[Start of section]
lemma integral_cell_le_Max_unit_integral:
  fixes f :: "real \<Rightarrow> real"
  assumes "0 < \<tau>" and f: "set_integrable lborel {0..real n * \<tau>} f" and j: "j \<in> {1..n}"
  shows "integral {real (j - 1) * \<tau>..real j * \<tau>} f
           \<le> \<tau> * Max ((\<lambda>k. LINT \<theta>:{0..1}|lborel. f (real k * \<tau> + \<theta> * \<tau>)) ` {0..n - 1})"
proof -
  have cell: "{real (j - 1) * \<tau>..real j * \<tau>} = {real (j - 1) * \<tau>..real (j - 1) * \<tau> + \<tau>}"
    using j by (simp add: of_nat_diff algebra_simps)
  have "{real (j - 1) * \<tau>..real j * \<tau>} \<subseteq> {0..real n * \<tau>}"
    using j \<open>0 < \<tau>\<close> by (auto intro: order_trans[OF _ mult_right_mono])
  then have "integral {real (j - 1) * \<tau>..real j * \<tau>} f
      = (LINT s:{real (j - 1) * \<tau>..real (j - 1) * \<tau> + \<tau>}|lborel. f s)"
    unfolding cell by (intro set_borel_integral_eq_integral(2)[symmetric] set_integrable_subset[OF f]) auto
  also have "\<dots> = \<tau> * (LINT \<theta>:{0..1}|lborel. f (real (j - 1) * \<tau> + \<theta> * \<tau>))"
    using set_integral_unit_interval_affine[OF \<open>0 < \<tau>\<close>, of f "real (j - 1) * \<tau>"] by simp
  also have "\<dots> \<le> \<tau> * Max ((\<lambda>k. LINT \<theta>:{0..1}|lborel. f (real k * \<tau> + \<theta> * \<tau>)) ` {0..n - 1})"
  proof -
    have "(LINT \<theta>:{0..1}|lborel. f (real (j - 1) * \<tau> + \<theta> * \<tau>))
        \<in> (\<lambda>k. LINT \<theta>:{0..1}|lborel. f (real k * \<tau> + \<theta> * \<tau>)) ` {0..n - 1}"
      by (rule imageI) (use j in auto)
    then show ?thesis
      using \<open>0 < \<tau>\<close> by (intro mult_left_mono Max_ge) auto
  qed
  finally show ?thesis .
qed
(* Consider the model $X=ZL^T+E$ with $X\in\mathcal{M}(N,P)$, $Z\in\mathcal{S}(N,K)$, entries $l_{p,k}$ of $L\in\mathcal{M}(P,K)$ independent with $l_{p,k}\sim g_k\in\mathcal{G}$, and $e_{n,p}$ i.i.d. $N(0,1/\tau)$, $\tau>0$. Define, for $\mathbf{g}=(g_1,\dots,g_K)\in\mathcal{G}^K$, $Z\in\mathcal{S}(N,K)$, $\tau>0$ and $q$ a probability distribution on $\mathcal{M}(P,K)$ with finite second moments, $$F(\mathbf{g},Z,\tau,q)=\mathbb{E}_q\log p(X\mid Z,L,\tau)-\mathrm{KL}(q\,\|\,\mathbf{g}),$$ where $p(X\mid Z,L,\tau)=\prod_{n,p}N(x_{n,p};(ZL^T)_{n,p},1/\tau)$ and $\mathbf{g}(L)=\prod_{p,k}g_k(l_{p,k})$. Then: (1) (EBNM step) For fixed $Z\in\mathcal{S}(N,K)$ and $\tau$, a maximizer of $F$ over $(\mathbf{g},q)$ is obtained by taking, for each $k$, $(g_k,q_k)=\mathrm{EBNM}(X^Tz_k,1/\tau,\mathcal{G})$ and $q(L)=\prod_k q_k(l_k)$ (assuming these EBNM solutions exist). (2) (Rotation step) For fixed $\mathbf{g},q,\tau$, the maximum of $F$ over $Z\in\mathcal{S}(N,K)$ is attained at $Z=\mathrm{Polar.U}(X\bar L)$, where $\bar L=\mathbb{E}_q(L)$. (3) (Precision step) For fixed $\mathbf{g},Z,q$, provided the denominator below is positive, the maximum of $F$ over $\tau>0$ is attained at $$\tau=\frac{NP}{\|X-Z\bar L^T\|_F^2+\|V\|_{1,1}},$$ where $V$ is the $P\times K$ matrix with $v_{p,k}=\mathrm{Var}_q(l_{p,k})$ and $\|V\|_{1,1}=\sum_{p,k}v_{p,k}$.
   Context: $\mathcal{M}(N,K)$ is the set of real $N\times K$ matrices, $\mathcal{S}(N,K)=\{M\in\mathcal{M}(N,K):M^TM=I_K\}$, $z_k$ and $l_k$ denote $k$-th columns, $\mathcal{G}$ is a prespecified family of distributions on $\mathbb{R}$. $\mathrm{KL}(q\|g)=\mathbb{E}_q[\log(q(L)/g(L))]$. For a real matrix $M$ with thin SVD $M=UDV^T$, $\mathrm{Polar.U}(M):=UV^T$. EBNM: for $x\in\mathbb{R}^P$, $s^2>0$, $\mathrm{EBNM}(x,s^2,\mathcal{G}):=\arg\max_{g\in\mathcal{G},\,q}\big(\mathbb{E}_q\log p(x\mid\eta,s^2)-\mathrm{KL}(q\|g)\big)$, where $p(x\mid\eta,s^2)=\prod_{p=1}^P N(x_p;\eta_p,s^2)$, $q$ ranges over all distributions on $\eta=(\eta_1,\dots,\eta_P)$, and $g$ is used as the i.i.d. prior $\prod_p g(\eta_p)$; it returns the optimal pair $(g,q)$. *)

theory Defs
  imports "HOL-Probability.Probability"
begin

definition is_dist :: "'a::topological_space measure \<Rightarrow> bool" where
  "is_dist M \<longleftrightarrow> prob_space M \<and> sets M = sets borel"

definition ext_exp :: "'a measure \<Rightarrow> ('a \<Rightarrow> real) \<Rightarrow> ereal" where
  "ext_exp q f = enn2ereal (\<integral>\<^sup>+ x. ennreal (f x) \<partial>q) - enn2ereal (\<integral>\<^sup>+ x. ennreal (- f x) \<partial>q)"

definition KL :: "'a measure \<Rightarrow> 'a measure \<Rightarrow> ereal" where
  "KL q g = (if absolutely_continuous g q
             then ext_exp q (\<lambda>x. ln (enn2real (RN_deriv g q x)))
             else \<infinity>)"

definition stiefel :: "(real^'k^'n) set" where
  "stiefel = {Z. transpose Z ** Z = mat 1}"

definition frob_sq :: "real^'c^'r \<Rightarrow> real" where
  "frob_sq M = (\<Sum>i\<in>UNIV. \<Sum>j\<in>UNIV. (M $ i $ j)\<^sup>2)"

definition thin_svd :: "real^'k^'n \<Rightarrow> real^'k^'n \<Rightarrow> real^'k^'k \<Rightarrow> real^'k^'k \<Rightarrow> bool" where
  "thin_svd M U D V \<longleftrightarrow> U \<in> stiefel \<and> transpose V ** V = mat 1 \<and>
     (\<forall>i j. i \<noteq> j \<longrightarrow> D $ i $ j = 0) \<and> (\<forall>i. D $ i $ i \<ge> 0) \<and>
     M = U ** D ** transpose V"

definition is_polarU :: "real^'k^'n \<Rightarrow> real^'k^'n \<Rightarrow> bool" where
  "is_polarU M Z \<longleftrightarrow> (\<exists>U D V. thin_svd M U D V \<and> Z = U ** transpose V)"

definition prior_vec :: "real measure \<Rightarrow> (real^'p) measure" where
  "prior_vec g = distr (PiM UNIV (\<lambda>_. g)) borel (\<lambda>f. \<chi> p. f p)"

definition prior_mat :: "('k \<Rightarrow> real measure) \<Rightarrow> (real^'k^'p) measure" where
  "prior_mat gs = distr (PiM (UNIV :: ('p \<times> 'k) set) (\<lambda>(p,k). gs k)) borel
                        (\<lambda>f. \<chi> p. \<chi> k. f (p, k))"

definition prod_cols :: "('k \<Rightarrow> (real^'p) measure) \<Rightarrow> (real^'k^'p) measure" where
  "prod_cols qs = distr (PiM UNIV qs) borel (\<lambda>f. \<chi> p. \<chi> k. f k $ p)"

definition ebnm_obj :: "real^'p \<Rightarrow> real \<Rightarrow> real measure \<Rightarrow> (real^'p) measure \<Rightarrow> ereal" where
  "ebnm_obj x s2 g q =
     ext_exp q (\<lambda>\<eta>. ln (\<Prod>p\<in>UNIV. normal_density (\<eta> $ p) (sqrt s2) (x $ p)))
     - KL q (prior_vec g)"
[End of section]
What you have to do: Check the entries above line by line and return each one containing the word "thesis".

Response to the exercise:
    then show ?thesis
  finally show ?thesis .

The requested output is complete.